Spadkobiercy banderowców przejmą władzę na Ukrainie? O takim możliwym rozwoju scenariusza pisze rosyjska prasa

PAP/EPA
PAP/EPA

Rządowa "Rossijskaja Gazieta" nie wykluczyła w czwartek, że nowym premierem Ukrainy zostanie lider nacjonalistycznej partii Swoboda Ołeh Tiahnybok.

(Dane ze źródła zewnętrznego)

(* Let $M$ be a pointed metric space which is uniformly discrete and unbounded, and let $X$ be a non-zero Banach space. Then the norm of $\mathcal F(M)\widehat{\otimes}_\pi X$ is octahedral.
   Context: All Banach spaces are real. $\mathcal F(M)$ is the Lipschitz-free space over $M$ (closed linear span of evaluation functionals $\delta_p$ in the dual of the space $\mathrm{Lip}_0(M)$ of real Lipschitz functions vanishing at the base point), $\widehat{\otimes}_\pi$ is the projective tensor product. $M$ is uniformly discrete if $\inf\{d(x,y):x\neq y\}>0$. A Banach space $Z$ is octahedral if for every $x_1,\dots,x_n\in S_Z$ and $\varepsilon>0$ there is $y\in S_Z$ with $\|x_i-y\|\ge 2-\varepsilon$ for all $i$. *)

theory Defs
  imports "HOL-Analysis.Analysis" "HOL-Library.Function_Algebras"
begin

definition uniformly_discrete :: "'m::metric_space set \<Rightarrow> bool" where
  "uniformly_discrete M \<longleftrightarrow> (\<exists>e>0. \<forall>x\<in>M. \<forall>y\<in>M. x \<noteq> y \<longrightarrow> e \<le> dist x y)"

text \<open>Unit ball of Lip_0(M): real 1-Lipschitz functions vanishing at the base point.\<close>
definition lip1_0 :: "'m::metric_space \<Rightarrow> ('m \<Rightarrow> real) \<Rightarrow> bool" where
  "lip1_0 z f \<longleftrightarrow> f z = 0 \<and> (\<forall>x y. \<bar>f x - f y\<bar> \<le> dist x y)"

definition fin_supp :: "('m \<Rightarrow> 'a::zero) \<Rightarrow> bool" where
  "fin_supp a \<longleftrightarrow> finite {p. a p \<noteq> 0}"

text \<open>A finitely supported a represents the element sum_p a p * delta_p of span{delta_p}
  inside Lip_0(M)^*; its norm is the dual norm.\<close>
definition free_norm :: "'m::metric_space \<Rightarrow> ('m \<Rightarrow> real) \<Rightarrow> real" where
  "free_norm z a = (SUP f \<in> Collect (lip1_0 z). \<bar>\<Sum>p\<in>{p. a p \<noteq> 0}. a p * f p\<bar>)"

text \<open>The algebraic tensor product span{delta_p} (x) X: the element sum_p delta_p (x) u p
  is encoded by a finitely supported u : M => X with u z = 0 (as delta_z = 0).\<close>
definition tensor_space :: "'m \<Rightarrow> ('m \<Rightarrow> 'x::real_normed_vector) set" where
  "tensor_space z = {u. fin_supp u \<and> u z = 0}"

text \<open>Projective norm: infimum of sum_i ||m_i||_F ||x_i|| over all representations
  u = sum_i m_i (x) x_i with m_i in span{delta_p}.\<close>
definition represents :: "'m \<Rightarrow> ('m \<Rightarrow> 'x::real_normed_vector) \<Rightarrow> (('m \<Rightarrow> real) \<times> 'x) list \<Rightarrow> bool" where
  "represents z u rs \<longleftrightarrow> (\<forall>(a, x)\<in>set rs. fin_supp a) \<and>
      (\<forall>p. p \<noteq> z \<longrightarrow> u p = (\<Sum>(a, x)\<leftarrow>rs. a p *\<^sub>R x))"

definition proj_norm :: "'m::metric_space \<Rightarrow> ('m \<Rightarrow> 'x::real_normed_vector) \<Rightarrow> real" where
  "proj_norm z u = (INF rs \<in> Collect (represents z u). (\<Sum>(a, x)\<leftarrow>rs. free_norm z a * norm x))"

definition octahedral :: "'v::ab_group_add set \<Rightarrow> ('v \<Rightarrow> real) \<Rightarrow> bool" where
  "octahedral V N \<longleftrightarrow> (\<forall>F e. finite F \<and> F \<subseteq> {x\<in>V. N x = 1} \<and> e > 0 \<longrightarrow>
      (\<exists>y\<in>V. N y = 1 \<and> (\<forall>x\<in>F. N (x - y) \<ge> 2 - e)))"

end

theory Submission
  imports Defs
begin

(* Given finitely many norm-one u, all supported in a ball B(z, r), take y = (\<delta>_q / d(q, z)) \<otimes> x
   with \<parallel>x\<parallel> = 1 and q very far from z.  Let t be a cutoff equal to 1 on B(z, r) and 0 at q, and
   h = (1 - t) d(-, z).  For w = u - y, multiplying the coefficients of w by t recovers u, while
   pairing them with h gives -x.  If f is 1-Lipschitz then t f + h and t f - h are
   (1 + 2d)-Lipschitz, so on every representation of w the two operations together cost at most a
   factor 1 + 2d.  Hence \<parallel>u\<parallel> + \<parallel>x\<parallel> \<le> (1 + 2d) \<parallel>u - y\<parallel>, which gives \<parallel>u - y\<parallel> \<ge> 2 - e for d = e/4. *)

lemma lip1_0_abs_le_dist: "lip1_0 z f \<Longrightarrow> \<bar>f p\<bar> \<le> dist p z"
  unfolding lip1_0_def by (metis diff_zero)

lemma lip1_0_zero: "lip1_0 z (\<lambda>_. 0)"
  unfolding lip1_0_def by simp

lemma bdd_above_free_norm:
  assumes "fin_supp a"
  shows "bdd_above ((\<lambda>f. \<bar>\<Sum>p\<in>{p. a p \<noteq> 0}. a p * f p\<bar>) ` Collect (lip1_0 z))"
proof (rule bdd_aboveI2)
  fix f assume "f \<in> Collect (lip1_0 z)"
  then have f: "lip1_0 z f" by simp
  have "\<bar>\<Sum>p\<in>{p. a p \<noteq> 0}. a p * f p\<bar> \<le> (\<Sum>p\<in>{p. a p \<noteq> 0}. \<bar>a p * f p\<bar>)"
    by (rule sum_abs)
  also have "\<dots> \<le> (\<Sum>p\<in>{p. a p \<noteq> 0}. \<bar>a p\<bar> * dist p z)"
    by (rule sum_mono) (simp add: abs_mult lip1_0_abs_le_dist[OF f] mult_left_mono)
  finally show "\<bar>\<Sum>p\<in>{p. a p \<noteq> 0}. a p * f p\<bar> \<le> (\<Sum>p\<in>{p. a p \<noteq> 0}. \<bar>a p\<bar> * dist p z)" .
qed

lemma abs_pairing_le_free_norm:
  assumes "fin_supp a" "L > 0" "g z = 0" "\<And>p p'. \<bar>g p - g p'\<bar> \<le> L * dist p p'"
  shows "\<bar>\<Sum>p\<in>{p. a p \<noteq> 0}. a p * g p\<bar> \<le> L * free_norm z a"
proof -
  have "lip1_0 z (\<lambda>p. g p / L)"
    unfolding lip1_0_def using assms(2-4)
    by (auto simp: diff_divide_distrib[symmetric] pos_divide_le_eq mult.commute)
  then have "\<bar>\<Sum>p\<in>{p. a p \<noteq> 0}. a p * (g p / L)\<bar> \<le> free_norm z a"
    unfolding free_norm_def by (intro cSUP_upper[OF _ bdd_above_free_norm[OF assms(1)]]) simp
  with \<open>L > 0\<close> show ?thesis
    by (simp add: sum_divide_distrib[symmetric] pos_divide_le_eq mult.commute)
qed

lemma free_norm_nonneg: "fin_supp a \<Longrightarrow> 0 \<le> free_norm z a"
  using abs_pairing_le_free_norm[of a 1 "\<lambda>_. 0" z] by simp

lemma free_norm_delta_le: "free_norm z (\<lambda>p. if p = q then 1 else 0) \<le> dist q z"
proof -
  have "{p. (if p = q then 1 else 0::real) \<noteq> 0} = {q}" by auto
  then show ?thesis unfolding free_norm_def
    by (intro cSUP_least) (auto intro: lip1_0_zero lip1_0_abs_le_dist)
qed

lemma represents_fin_supp: "represents z w rs \<Longrightarrow> (a, x) \<in> set rs \<Longrightarrow> fin_supp a"
  unfolding represents_def by auto

lemma proj_norm_le_representation:
  assumes "represents z w rs"
  shows "proj_norm z w \<le> (\<Sum>(a, x)\<leftarrow>rs. free_norm z a * norm x)"
  unfolding proj_norm_def
proof (rule cINF_lower)
  show "bdd_below ((\<lambda>rs. \<Sum>(a, x)\<leftarrow>rs. free_norm z a * norm x) ` Collect (represents z w))"
    by (rule bdd_belowI2[where m = 0], rule sum_list_nonneg)
      (auto intro!: mult_nonneg_nonneg free_norm_nonneg dest: represents_fin_supp)
qed (use assms in simp)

Dziennik podkreślił w tytule, że "nie śniło się to (Stepanowi) Banderze".

W ocenie "RG" uchwalona w środę przez Radę Najwyższą Ukrainy ustawa o amnestii "dodatkowo umocni wpływy w tym kraju nacjonalistów z partii Swoboda". Dziennik zauważa, że "w czasie, gdy liberalni opozycjoniści Arsenij Jaceniuk i Witalij Kliczko jakby świadomie usunęli się w cień, to Tiahnybok, wprost przeciwnie, aktywnie demonstruje publicznie swój udział w przygotowywaniu ostatecznego porozumienia z władzami".

Według "RG" przywódca Swobody "jest jedynym opozycyjnym politykiem, który może spełnić jeden z podstawowych warunków przyszłej amnestii - przekonać protestujących, by w ciągu 15 dni opuścili zdobyte gmachy administracji publicznej i odblokowali magistrale transportowe". "Ani Kliczce, ani Jaceniukowi aktywiści Majdanu na słowo nie uwierzą" - zaznacza.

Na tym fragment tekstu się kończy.